If elected, the ALP will replace the Federal Government’s Northern Australia Infrastructure Facility (NAIF) with a new fund aimed at increasing projects like gas pipelines across the region.
Labor’s Northern Australia Development Fund (NADF) will provide a financing facility and work with Infrastructure Australia to identify and support projects of national economic significance in Australia’s north.
As part of these changes, up to $1.5 billion will be set aside to unlock gas supply in Queensland’s Galilee and Bowen basins, and to connect the Beetaloo basin to Darwin and the east coast.
This project would support Darwin as a manufacturing and gas export hub, and increase supply to Queensland and the eastern seaboard.
In early April 2019, the Auditor-General handed down a report on the NAIF, with the recommendations to be taken into account when designing the new NADF.
As part of these reforms, Labor has announced that they will also allocate $1 billion from the NADF to tourism projects in the north of Australia; appoint First Nations people to the new board; and publicly release the First Nations job and procurement plans for all funded projects.
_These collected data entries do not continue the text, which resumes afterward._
(* Under the hypotheses and notation of the setting below (anonymous polymatrix game, arbitrary joint action history $(a_l)_{0\le l\le k}$, beliefs $\hat\pi$ and aggregate beliefs $\hat\mu$ built with the same step sizes), for every $k\ge0$ and agent $i$, the maps $a^i\mapsto\bar R^i(a^i,\hat\mu^i_k)$ and $a^i\mapsto R^i(a^i,\hat\pi^{-i}_k)$ have the same set of maximizers over $\mathbb{A}$. Consequently, any deterministic rule that maps each agent's vector of expected rewards $(\cdot)_{a^i\in\mathbb{A}}$ to an action produces the same joint action $a_{k+1}$ whether applied to $(\bar R^i(\cdot,\hat\mu^i_k))_{i}$ or to $(R^i(\cdot,\hat\pi^{-i}_k))_{i}$.
   Context: Setting: $\mathcal{G}$ is an $N$-player game that is polymatrix ($r^i(a^i,a^{-i})=\sum_{j\neq i}r^{ij}(a^i,a^j)$) and anonymous (common action set $\mathbb{A}$ with $|\mathbb{A}|=n$, rewards invariant under permutations of $a^{-i}$). $\bar r^i:\mathbb{A}\times\mathbb{X}\to\mathbb{R}$ satisfies $r^i(a^i,a^{-i})=\bar r^i(a^i,\sigma(a^{-i}))$, where $\sigma(a^{-i})=\sum_{j\ne i}\mathds{1}\{a^j\}$ and $\mathbb{X}=\{\xi\in\mathbb{N}^n:\sum_l\xi_l=N-1\}$. Given step sizes $(\alpha_k)_{k\ge1}$ and a joint action sequence $(a_l)$: $\hat\pi^j_0=\mathds{1}\{a^j_0\}$, $\hat\pi^j_k=\hat\pi^j_{k-1}+\alpha_k(\mathds{1}\{a^j_k\}-\hat\pi^j_{k-1})$; $\hat\mu^i_0=\mathds{1}\{\sigma(a^{-i}_0)\}$, $\hat\mu^i_k=\hat\mu^i_{k-1}+\alpha_k(\mathds{1}\{\sigma(a^{-i}_k)\}-\hat\mu^i_{k-1})$. $R^i(a^i,\pi^{-i})=\sum_{a^{-i}}r^i(a^i,a^{-i})\prod_{j\ne i}\pi^j(a^j)$, $\bar R^i(a^i,\mu)=\sum_{x\in\mathbb{X}}\bar r^i(a^i,x)\mu(x)$. *)

theory Defs
  imports Complex_Main "HOL-Combinatorics.Permutations"
begin

text \<open>Players form a finite type 'p (N = CARD('p)); actions form a finite type 'a
  (the common action set, n = CARD('a)). A joint action is a profile 'p \<Rightarrow> 'a.\<close>

definition indic :: "'x \<Rightarrow> 'x \<Rightarrow> real" where
  "indic x0 = (\<lambda>x. if x = x0 then 1 else 0)"

definition sigma :: "'p::finite \<Rightarrow> ('p \<Rightarrow> 'a) \<Rightarrow> ('a \<Rightarrow> nat)" where
  "sigma i b = (\<lambda>l. card {j. j \<noteq> i \<and> b j = l})"

definition Xset :: "nat \<Rightarrow> ('a::finite \<Rightarrow> nat) set" where
  "Xset N = {\<xi>. (\<Sum>l\<in>UNIV. \<xi> l) = N - 1}"

definition polymatrix :: "('p::finite \<Rightarrow> ('p \<Rightarrow> 'a) \<Rightarrow> real) \<Rightarrow> bool" where
  "polymatrix r \<longleftrightarrow> (\<exists>rr :: 'p \<Rightarrow> 'p \<Rightarrow> 'a \<Rightarrow> 'a \<Rightarrow> real.
      \<forall>i b. r i b = (\<Sum>j\<in>UNIV - {i}. rr i j (b i) (b j)))"

definition anonymous :: "('p::finite \<Rightarrow> ('p \<Rightarrow> 'a) \<Rightarrow> real) \<Rightarrow> bool" where
  "anonymous r \<longleftrightarrow> (\<forall>i b p. p permutes (UNIV - {i}) \<longrightarrow> r i (b \<circ> p) = r i b)"

primrec pihat :: "(nat \<Rightarrow> real) \<Rightarrow> (nat \<Rightarrow> 'p \<Rightarrow> 'a) \<Rightarrow> 'p \<Rightarrow> nat \<Rightarrow> 'a \<Rightarrow> real" where
  "pihat \<alpha> a j 0 = indic (a 0 j)"
| "pihat \<alpha> a j (Suc k) = (\<lambda>x. pihat \<alpha> a j k x + \<alpha> (Suc k) * (indic (a (Suc k) j) x - pihat \<alpha> a j k x))"

primrec muhat :: "(nat \<Rightarrow> real) \<Rightarrow> (nat \<Rightarrow> 'p::finite \<Rightarrow> 'a) \<Rightarrow> 'p \<Rightarrow> nat \<Rightarrow> ('a \<Rightarrow> nat) \<Rightarrow> real" where
  "muhat \<alpha> a i 0 = indic (sigma i (a 0))"
| "muhat \<alpha> a i (Suc k) = (\<lambda>x. muhat \<alpha> a i k x + \<alpha> (Suc k) * (indic (sigma i (a (Suc k))) x - muhat \<alpha> a i k x))"

text \<open>R^i(a^i, pi^{-i}): sum over a^{-i}, encoded as profiles b with b i = a^i.\<close>
definition Rexp :: "('p::finite \<Rightarrow> ('p \<Rightarrow> 'a::finite) \<Rightarrow> real) \<Rightarrow> 'p \<Rightarrow> 'a \<Rightarrow> ('p \<Rightarrow> 'a \<Rightarrow> real) \<Rightarrow> real" where
  "Rexp r i ai \<pi> = (\<Sum>b\<in>{b. b i = ai}. r i b * (\<Prod>j\<in>UNIV - {i}. \<pi> j (b j)))"

definition Rbar :: "('p::finite \<Rightarrow> 'a::finite \<Rightarrow> ('a \<Rightarrow> nat) \<Rightarrow> real) \<Rightarrow> 'p \<Rightarrow> 'a \<Rightarrow> (('a \<Rightarrow> nat) \<Rightarrow> real) \<Rightarrow> real" where
  "Rbar rb i ai \<mu> = (\<Sum>x\<in>Xset (card (UNIV :: 'p set)). rb i ai x * \<mu> x)"

definition argmaxset :: "('a::finite \<Rightarrow> real) \<Rightarrow> 'a set" where
  "argmaxset f = {x. \<forall>y. f y \<le> f x}"

end

theory Submission
  imports Defs "HOL-Library.FuncSet"
begin

text \<open>Both beliefs are running averages of indicator functions with the same step sizes, and
  both expected rewards are linear in the beliefs. Hence Rbar^i(a^i, muhat^i_k) is the running
  average of the realised rewards r^i(a^i, a^{-i}_l) = sum_{j <> i} r^{ij}(a^i, a^j_l), which is
  sum_{j <> i} sum_c r^{ij}(a^i, c) pihat^j_k(c). The expectation of a polymatrix reward under the
  product belief prod_{j <> i} pihat^j_k only involves the marginals, so R^i(a^i, pihat^{-i}_k) is
  the same double sum. The two reward vectors thus coincide, and with them their maximisers and
  every deterministic choice made from them.\<close>

primrec running_avg :: "(nat \<Rightarrow> real) \<Rightarrow> (nat \<Rightarrow> real) \<Rightarrow> nat \<Rightarrow> real" where
  "running_avg \<alpha> v 0 = v 0"
| "running_avg \<alpha> v (Suc k) = running_avg \<alpha> v k + \<alpha> (Suc k) * (v (Suc k) - running_avg \<alpha> v k)"

lemma running_avg_const: "running_avg \<alpha> (\<lambda>_. c) k = c"
  by (induction k) simp_all

lemma sum_mult_running_avg:
  "(\<Sum>x\<in>A. f x * running_avg \<alpha> (v x) k) = running_avg \<alpha> (\<lambda>l. \<Sum>x\<in>A. f x * v x l) k"
proof (induction k)
  case (Suc k)
  then show ?case
    by (simp add: algebra_simps sum.distrib sum_subtractf sum_distrib_left flip: Suc.IH)
qed simp

lemma pihat_eq_running_avg: "pihat \<alpha> a j k x = running_avg \<alpha> (\<lambda>l. indic (a l j) x) k"
  by (induction k) simp_all

lemma muhat_eq_running_avg: "muhat \<alpha> a i k x = running_avg \<alpha> (\<lambda>l. indic (sigma i (a l)) x) k"
  by (induction k) simp_all

lemma sum_mult_indic: "finite A \<Longrightarrow> x0 \<in> A \<Longrightarrow> (\<Sum>x\<in>A. f x * indic x0 x) = f x0"
  by (simp add: indic_def if_distrib sum.delta cong: if_cong)

lemma sum_mult_pihat:
  fixes f :: "'a::finite \<Rightarrow> real"
  shows "(\<Sum>c\<in>UNIV. f c * pihat \<alpha> a j k c) = running_avg \<alpha> (\<lambda>l. f (a l j)) k"
  by (simp add: pihat_eq_running_avg sum_mult_running_avg sum_mult_indic)

lemma sum_pihat_eq_1: "(\<Sum>c\<in>(UNIV :: 'a::finite set). pihat \<alpha> a j k c) = 1"
  using sum_mult_pihat[where f = "\<lambda>_. 1"] by (simp add: running_avg_const)

lemma finite_Xset: "finite (Xset N :: ('a::finite \<Rightarrow> nat) set)"
proof -
  have "\<xi> l \<le> N" if "\<xi> \<in> Xset N" for \<xi> :: "'a \<Rightarrow> nat" and l
    using that member_le_sum[of l UNIV \<xi>] by (simp add: Xset_def)
  then have "Xset N \<subseteq> (PiE UNIV (\<lambda>_. {..N}) :: ('a \<Rightarrow> nat) set)"
    by (auto simp: PiE_UNIV_domain)
  then show ?thesis
    by (rule finite_subset) (simp add: finite_PiE)
qed

lemma sigma_in_Xset:
  fixes i :: "'p::finite"
  shows "sigma i b \<in> Xset (card (UNIV :: 'p set))"
proof -
  have "(\<Sum>l\<in>UNIV. card {j. j \<noteq> i \<and> b j = l}) = card (\<Union>l\<in>UNIV. {j. j \<noteq> i \<and> b j = l})"
    by (rule card_UN_disjoint[symmetric]) auto
  also have "(\<Union>l\<in>UNIV. {j. j \<noteq> i \<and> b j = l}) = UNIV - {i}"
    by auto
  also have "card (UNIV - {i}) = card (UNIV :: 'p set) - 1"
    by (simp add: card_Diff_singleton)
  finally show ?thesis
    by (simp add: Xset_def sigma_def)
qed

lemma sigma_fun_upd_self: "sigma i (b(i := x)) = sigma i b"
  unfolding sigma_def by (rule ext, rule arg_cong[where f = card]) auto

lemma Rbar_muhat: "Rbar rb i ai (muhat \<alpha> a i k) = running_avg \<alpha> (\<lambda>l. rb i ai (sigma i (a l))) k"
  by (simp add: Rbar_def muhat_eq_running_avg sum_mult_running_avg sum_mult_indic
      finite_Xset sigma_in_Xset)

lemma sum_PiE_mult_prod_marginal:
  fixes \<pi> :: "'i \<Rightarrow> 'c \<Rightarrow> 'r::comm_semiring_1"
  assumes "finite T" "j \<in> T" "\<And>j'. j' \<in> T \<Longrightarrow> finite (A j')"
    and mass: "\<And>j'. j' \<in> T - {j} \<Longrightarrow> (\<Sum>c\<in>A j'. \<pi> j' c) = 1"
  shows "(\<Sum>g\<in>PiE T A. f (g j) * (\<Prod>j'\<in>T. \<pi> j' (g j'))) = (\<Sum>c\<in>A j. f c * \<pi> j c)"
proof -
  define \<rho> where "\<rho> j' c = (if j' = j then f c * \<pi> j c else \<pi> j' c)" for j' c
  have "(\<Prod>j'\<in>T. \<rho> j' (g j')) = f (g j) * (\<Prod>j'\<in>T. \<pi> j' (g j'))" for g
  proof -
    have "(\<Prod>j'\<in>T - {j}. \<rho> j' (g j')) = (\<Prod>j'\<in>T - {j}. \<pi> j' (g j'))"
      by (rule prod.cong) (simp_all add: \<rho>_def)
    then show ?thesis
      using \<open>finite T\<close> \<open>j \<in> T\<close> by (simp add: prod.remove \<rho>_def mult.assoc)
  qed
  then have "(\<Sum>g\<in>PiE T A. f (g j) * (\<Prod>j'\<in>T. \<pi> j' (g j'))) = (\<Sum>g\<in>PiE T A. \<Prod>j'\<in>T. \<rho> j' (g j'))"
    by simp
  also have "\<dots> = (\<Prod>j'\<in>T. \<Sum>c\<in>A j'. \<rho> j' c)"
    using assms(1,3) by (rule prod_sum_PiE[symmetric])
  also have "\<dots> = (\<Sum>c\<in>A j. \<rho> j c) * (\<Prod>j'\<in>T - {j}. \<Sum>c\<in>A j'. \<rho> j' c)"
    using \<open>finite T\<close> \<open>j \<in> T\<close> by (simp add: prod.remove)
  also have "\<dots> = (\<Sum>c\<in>A j. f c * \<pi> j c)"
    using mass by (simp add: \<rho>_def)
  finally show ?thesis .
qed

lemma sum_PiE_separable_mult_prod:
  fixes \<pi> :: "'i \<Rightarrow> 'c \<Rightarrow> 'r::comm_semiring_1"
  assumes "finite T" "\<And>j. j \<in> T \<Longrightarrow> finite (A j)" "\<And>j. j \<in> T \<Longrightarrow> (\<Sum>c\<in>A j. \<pi> j c) = 1"
  shows "(\<Sum>g\<in>PiE T A. (\<Sum>j\<in>T. f j (g j)) * (\<Prod>j'\<in>T. \<pi> j' (g j')))
       = (\<Sum>j\<in>T. \<Sum>c\<in>A j. f j c * \<pi> j c)"
proof -
  have "(\<Sum>g\<in>PiE T A. (\<Sum>j\<in>T. f j (g j)) * (\<Prod>j'\<in>T. \<pi> j' (g j')))
      = (\<Sum>j\<in>T. \<Sum>g\<in>PiE T A. f j (g j) * (\<Prod>j'\<in>T. \<pi> j' (g j')))"
    unfolding sum_distrib_right by (rule sum.swap)
  also have "\<dots> = (\<Sum>j\<in>T. \<Sum>c\<in>A j. f j c * \<pi> j c)"
    using assms by (intro sum.cong refl sum_PiE_mult_prod_marginal) auto
  finally show ?thesis .
qed

lemma Rexp_eq_sum_PiE:
  "Rexp r i ai \<pi> = (\<Sum>g\<in>PiE (UNIV - {i}) (\<lambda>_. UNIV). r i (g(i := ai)) * (\<Prod>j\<in>UNIV - {i}. \<pi> j (g j)))"
proof -
  have bij: "bij_betw (\<lambda>g. g(i := ai)) (PiE (UNIV - {i}) (\<lambda>_. UNIV)) {b. b i = ai}"
    by (rule bij_betw_byWitness[where f' = "\<lambda>b. restrict b (UNIV - {i})"])
      (auto simp: PiE_def extensional_def)
  have "(\<Prod>j\<in>UNIV - {i}. \<pi> j ((g(i := ai)) j)) = (\<Prod>j\<in>UNIV - {i}. \<pi> j (g j))" for g
    by (rule prod.cong) auto
  then show ?thesis
    unfolding Rexp_def sum.reindex_bij_betw[OF bij, symmetric] by simp
qed

lemma Rexp_separable:
  fixes \<pi> :: "'p::finite \<Rightarrow> 'a::finite \<Rightarrow> real"
  assumes r: "\<And>b. b i = ai \<Longrightarrow> r i b = (\<Sum>j\<in>UNIV - {i}. rr j (b j))"
    and mass: "\<And>j. (\<Sum>c\<in>UNIV. \<pi> j c) = 1"
  shows "Rexp r i ai \<pi> = (\<Sum>j\<in>UNIV - {i}. \<Sum>c\<in>UNIV. rr j c * \<pi> j c)"
proof -
  have "r i (g(i := ai)) = (\<Sum>j\<in>UNIV - {i}. rr j (g j))" for g
    by (subst r) (auto intro: sum.cong)
  then show ?thesis
    by (simp add: Rexp_eq_sum_PiE sum_PiE_separable_mult_prod mass)
qed

lemma Rbar_muhat_separable:
  assumes rb: "\<And>b. rb i ai (sigma i b) = (\<Sum>j\<in>UNIV - {i}. rr j (b j))"
  shows "Rbar rb i ai (muhat \<alpha> a i k) = (\<Sum>j\<in>UNIV - {i}. \<Sum>c\<in>UNIV. rr j c * pihat \<alpha> a j k c)"
proof -
  have "Rbar rb i ai (muhat \<alpha> a i k) = running_avg \<alpha> (\<lambda>l. \<Sum>j\<in>UNIV - {i}. rr j (a l j)) k"
    by (simp add: Rbar_muhat rb)
  also have "\<dots> = (\<Sum>j\<in>UNIV - {i}. running_avg \<alpha> (\<lambda>l. rr j (a l j)) k)"
    by (rule sum_mult_running_avg[where f = "\<lambda>_. 1", simplified, symmetric])
  finally show ?thesis
    by (simp add: sum_mult_pihat)
qed

lemma Rbar_muhat_eq_Rexp_pihat:
  assumes "polymatrix r" and rbar: "\<forall>i b. r i b = rb i (b i) (sigma i b)"
  shows "Rbar rb i ai (muhat \<alpha> a i k) = Rexp r i ai (\<lambda>j. pihat \<alpha> a j k)"
proof -
  obtain rr where rr: "\<And>i b. r i b = (\<Sum>j\<in>UNIV - {i}. rr i j (b i) (b j))"
    using \<open>polymatrix r\<close> unfolding polymatrix_def by blast
  have "rb i ai (sigma i b) = (\<Sum>j\<in>UNIV - {i}. rr i j ai (b j))" for b
  proof -
    have "rb i ai (sigma i b) = r i (b(i := ai))"
      using rbar by (simp add: sigma_fun_upd_self)
    also have "\<dots> = (\<Sum>j\<in>UNIV - {i}. rr i j ai (b j))"
      unfolding rr by (rule sum.cong) auto
    finally show ?thesis .
  qed
  then have "Rbar rb i ai (muhat \<alpha> a i k)
      = (\<Sum>j\<in>UNIV - {i}. \<Sum>c\<in>UNIV. rr i j ai c * pihat \<alpha> a j k c)"
    by (rule Rbar_muhat_separable)
  also have "\<dots> = Rexp r i ai (\<lambda>j. pihat \<alpha> a j k)"
    by (rule Rexp_separable[symmetric]) (simp_all add: rr sum_pihat_eq_1)
  finally show ?thesis .
qed

theorem corollary1:
  fixes r :: "'p::finite \<Rightarrow> ('p \<Rightarrow> 'a::finite) \<Rightarrow> real"
    and rb :: "'p \<Rightarrow> 'a \<Rightarrow> ('a \<Rightarrow> nat) \<Rightarrow> real"
    and \<alpha> :: "nat \<Rightarrow> real"
    and a :: "nat \<Rightarrow> 'p \<Rightarrow> 'a"
  assumes poly: "polymatrix r"
    and anon: "anonymous r"
    and rbar: "\<forall>i b. r i b = rb i (b i) (sigma i b)"
  shows "\<forall>k i. argmaxset (\<lambda>ai. Rbar rb i ai (muhat \<alpha> a i k))
              = argmaxset (\<lambda>ai. Rexp r i ai (\<lambda>j. pihat \<alpha> a j k)) \<and>
         (\<forall>D :: 'p \<Rightarrow> ('a \<Rightarrow> real) \<Rightarrow> 'a.
            (\<lambda>i. D i (\<lambda>ai. Rbar rb i ai (muhat \<alpha> a i k)))
          = (\<lambda>i. D i (\<lambda>ai. Rexp r i ai (\<lambda>j. pihat \<alpha> a j k))))"
  using Rbar_muhat_eq_Rexp_pihat[OF poly rbar] by simp

end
They also plan to establish a Memorandum of Understanding (MOU) with Indigenous Business Australia to provide additional financial support to First Nations-led business in the region.
Labor have said they will honour existing projects and keep the funding allocation to the existing NAIF of $5 billion, but will establish an MOU with the Clean Energy Finance Corporation (CEFC) and Energy Security Modernisation Fund (ESMF) to avoid end duplication and support cooperation between the funds.